» **THE PROBLEM**:
When you reach the line in the data below that contains "0) \<in> mstar_verts", please start repeating lines exactly, and stop after the line that contains "with le have", repeating nothing else.

» **DATASET EXTRACT**:
lemma two_le_max_dist_mstar_iff:
  assumes "0 < m"
  shows "2 \<le> max_dist (mstar_verts m n) (mstar_arcs m n out) \<longleftrightarrow>
    out_leaves n out \<noteq> {} \<and> in_leaves n out \<noteq> {}"
proof
  assume le: "2 \<le> max_dist (mstar_verts m n) (mstar_arcs m n out)"
  have "(0, 0) \<in> mstar_verts m n"
    using assms by simp
  then obtain u v
    where "has_dist (mstar_arcs m n out) u v (max_dist (mstar_verts m n) (mstar_arcs m n out))"
    using max_dist_attained[OF mstar_arcs_relpow_3] by blast
  with le have "(u, v) \<in> mstar_arcs m n out ^^ 2"
    unfolding mstar_has_dist_iff by linarith
  then show "out_leaves n out \<noteq> {} \<and> in_leaves n out \<noteq> {}"
    by (cases u; cases v) (auto simp: mstar_arcs_relpow_2_iff)
next
  assume "out_leaves n out \<noteq> {} \<and> in_leaves n out \<noteq> {}"
  then obtain a b where a: "a \<in> in_leaves n out" and b: "b \<in> out_leaves n out"
    by blast
  then have "has_dist (mstar_arcs m n out) (0, a) (0, b) 2"
    using assms by (simp add: mstar_has_dist_iff mstar_arcs_relpow_2_iff)
  moreover have "(0, a) \<in> mstar_verts m n" "(0, b) \<in> mstar_verts m n"
    using assms a b by (auto simp: leaves_defs)
  ultimately show "2 \<le> max_dist (mstar_verts m n) (mstar_arcs m n out)"
    using le_max_dist[OF mstar_arcs_relpow_3] by blast
qed

lemma inj_on_add_monotone:
  fixes f g :: "'a \<Rightarrow> 'b::linordered_cancel_ab_semigroup_add"
  assumes "inj_on f A" and "\<And>u v. u \<in> A \<Longrightarrow> v \<in> A \<Longrightarrow> f u < f v \<Longrightarrow> g u \<le> g v"
  shows "inj_on (\<lambda>x. f x + g x) A"
proof (rule inj_onI)
  fix u v
  assume "u \<in> A" "v \<in> A" and eq: "f u + g u = f v + g v"
  have "\<not> f u < f v" "\<not> f v < f u"
    using add_less_le_mono assms(2) \<open>u \<in> A\<close> \<open>v \<in> A\<close> eq by (metis less_irrefl)+
  then have "f u = f v"
    by simp
  with assms(1) \<open>u \<in> A\<close> \<open>v \<in> A\<close> show "u = v"
    by (simp add: inj_on_eq_iff)
qed

lemma add_mult_eqD:
  fixes s s' k t t' :: nat
  assumes "s < k" "s' < k" "s + k * t = s' + k * t'"
  shows "s = s' \<and> t = t'"
proof -
  have "s = s'"
    using arg_cong[OF assms(3), of "\<lambda>x. x mod k"] assms(1,2) by simp
  with assms show ?thesis
    by simp
qed

locale mstar_labelling =
  fixes m n :: nat and out :: "nat \<Rightarrow> bool" and \<sigma> \<tau> :: "nat \<Rightarrow> nat"
  assumes bij_\<sigma>: "bij_betw \<sigma> (out_leaves n out) {0..<card (out_leaves n out)}"
    and bij_\<tau>: "bij_betw \<tau> (in_leaves n out) {0..<card (in_leaves n out)}"
begin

» **ANSWER BOX**:
  have "(0, 0) \<in> mstar_verts m n"
    using assms by simp
  then obtain u v
    where "has_dist (mstar_arcs m n out) u v (max_dist (mstar_verts m n) (mstar_arcs m n out))"
    using max_dist_attained[OF mstar_arcs_relpow_3] by blast
  with le have "(u, v) \<in> mstar_arcs m n out ^^ 2"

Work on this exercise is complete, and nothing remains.